From October 1944 to May 1945, the 6th Guards IAD was part of the 3rd Guards Fighter Aviation Corps of the 5th Air Army of the 2nd Ukrainian Front. During this period, it participated in the Debrecen Offensive, the Budapest offensive, the Vienna offensive, and the Prague offensive, during which it flew 4,654 combat sorties and was credited with the destruction of 147 aircraft. For its contribution to the capture of Szeged, the division received the Seged honorific on 31 October 1944. It was further decorated with the Order of Suvorov, 2nd class, on 4 June 1945 for its "successful completion of combat missions" in the capture of Jaroměřice, Znojmo, Hollabrunn, and Stockerau.

During the war, the pilots of the division flew about 40,000 combat missions. Division commander Colonel Iosif Geybo and sixteen pilots were awarded the title Hero of the Soviet Union.

== Cold War ==
In August 1945, the division was relocated from Czechoslovakia to the Odessa Military District, where its regiments received the American-provided Lend-Lease Kingcobra during mid-1946. The division and its regiments transferred from the 48th Air Army to the 24th Air Army (renumbered as the 16th Air Army 1968) of the Group of Soviet Forces in Germany during October 1951. Over the first several months in Germany, the regiments of the division entered the jet age when they were re-equipped with the MiG-15. For the remainder of the Cold War, the division was based at Merseburg airfield where its 85th Guards IAP was stationed. The 31st Guards IAP relocated to Falkenberg in 1956, where it remained until 1993. The 968th was transferred to the division in 1989 from Ros in Belarus where it had been stationed under the disbanded 95th Fighter Aviation Division of the 26th Air Army, and based at Altenburg. According to 19 November 1990 data released under the Treaty on Conventional Armed Forces in Europe, the division had a strength of 93 MiG-29 fighters between the three fighter regiments, 31 to each regiment, and ten MiG-23UM trainer aircraft.

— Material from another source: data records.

(* Let $N,M_t,M_r$ be positive integers, $P_0>0$, $\sigma^2>0$, $\alpha\in\mathbb C\setminus\{0\}$, $L>0$, $\theta,\theta_1,\theta_2\in\mathbb R$, and let $\mathbf G_t=\sqrt{L}\,\mathbf a(\theta_2)\mathbf c^T(\theta_1)$, $\mathbf G_r=\sqrt{L}\,\mathbf b(\theta_1)\mathbf a^T(\theta_2)$. If $N>1/\sqrt{L}$, then $\mathrm{SNR}_1^\star>\mathrm{SNR}_2^\star$, where $\mathrm{SNR}_i^\star=\max_{\mathbf R,\mathbf\Phi}\mathrm{SNR}_i(\mathbf R,\mathbf\Phi)$ with the maximum over positive semidefinite $\mathbf R\in\mathbb C^{M_t\times M_t}$ with $\mathrm{tr}(\mathbf R)\le P_0$ and $\mathbf\Phi=\mathrm{diag}(e^{j\phi_1},\dots,e^{j\phi_N})$, $\phi_n\in\mathbb R$.
   Context: $j=\sqrt{-1}$. Fix $\hat d>0$, $\lambda>0$. For a positive integer $K$, $\mathbf s_K(\theta)\in\mathbb C^K$ has $k$-th entry $e^{j\pi(2k-K-1)\hat d\sin\theta/\lambda}$. Set $\mathbf a(\theta)=\mathbf s_N(\theta)$, $\mathbf b(\theta)=\mathbf s_{M_r}(\theta)$, $\mathbf c(\theta)=\mathbf s_{M_t}(\theta)$. Define $\mathrm{SNR}_1(\mathbf R,\mathbf\Phi)=\frac{|\alpha|^2\|\mathbf G_r\mathbf\Phi^T\mathbf a(\theta)\|^2\,\mathbf a^T(\theta)\mathbf\Phi\mathbf G_t\mathbf R\mathbf G_t^H\mathbf\Phi^H\mathbf a^*(\theta)}{\sigma^2}$, $\mathrm{SNR}_2(\mathbf R,\mathbf\Phi)=\frac{|\alpha|^2\|\mathbf b(\theta)\|^2\,\mathbf a^T(\theta)\mathbf\Phi\mathbf G_t\mathbf R\mathbf G_t^H\mathbf\Phi^H\mathbf a^*(\theta)}{\sigma^2}$. *)

theory Defs
  imports "HOL-Analysis.Analysis"
begin

text \<open>Vectors in C^K are functions nat => complex on indices 0..K-1 (index k here is the
paper's k+1); matrices are functions nat => nat => complex with explicit dimensions.\<close>

definition steer :: "real \<Rightarrow> real \<Rightarrow> nat \<Rightarrow> real \<Rightarrow> nat \<Rightarrow> complex" where
  "steer d lam K th k = exp (\<i> * complex_of_real
      (pi * (2 * real (k + 1) - real K - 1) * d * sin th / lam))"

definition Gt :: "real \<Rightarrow> real \<Rightarrow> nat \<Rightarrow> nat \<Rightarrow> real \<Rightarrow> real \<Rightarrow> real \<Rightarrow> nat \<Rightarrow> nat \<Rightarrow> complex" where
  "Gt d lam N Mt L th1 th2 i m = complex_of_real (sqrt L) * steer d lam N th2 i * steer d lam Mt th1 m"

definition Gr :: "real \<Rightarrow> real \<Rightarrow> nat \<Rightarrow> nat \<Rightarrow> real \<Rightarrow> real \<Rightarrow> real \<Rightarrow> nat \<Rightarrow> nat \<Rightarrow> complex" where
  "Gr d lam N Mr L th1 th2 r i = complex_of_real (sqrt L) * steer d lam Mr th1 r * steer d lam N th2 i"

definition Phi :: "(nat \<Rightarrow> real) \<Rightarrow> nat \<Rightarrow> nat \<Rightarrow> complex" where
  "Phi ph i i' = (if i = i' then exp (\<i> * complex_of_real (ph i)) else 0)"

definition quad_term :: "real \<Rightarrow> real \<Rightarrow> nat \<Rightarrow> nat \<Rightarrow> real \<Rightarrow> real \<Rightarrow> real \<Rightarrow> real
     \<Rightarrow> (nat \<Rightarrow> nat \<Rightarrow> complex) \<Rightarrow> (nat \<Rightarrow> real) \<Rightarrow> complex" where
  "quad_term d lam N Mt L th th1 th2 R ph =
     (let v = (\<lambda>m. \<Sum>i<N. \<Sum>i'<N. steer d lam N th i * Phi ph i i' * Gt d lam N Mt L th1 th2 i' m)
      in \<Sum>m<Mt. \<Sum>m'<Mt. v m * R m m' * cnj (v m'))"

In 1991, the division headquarters was withdrawn to Ivano-Frankivsk, where it came under Ukrainian control as part of the 14th Air Corps. The Soviet titles were removed from its designation and it was renamed the 6th Fighter Aviation Division. During this period it included the 9th (the former 894th IAP PVO) and 114th Fighter Aviation Regiments. The 114th Fighter Aviation Regiment was transferred to the division from the 4th IAD on 1 June 1992. A decree issued by President Leonid Kuchma on 30 November 2000 restored the division's Soviet titles (6 гвардійська винищувальна авіаційна Донська Сегедська орденів Червоного Прапора і ордена Суворова дивізія). The division headquarters was disbanded during the transition of the Ukrainian Air Force to a brigade-based structure, in which the 114th became the 114th Fighter Aviation Brigade on 15 October 2003.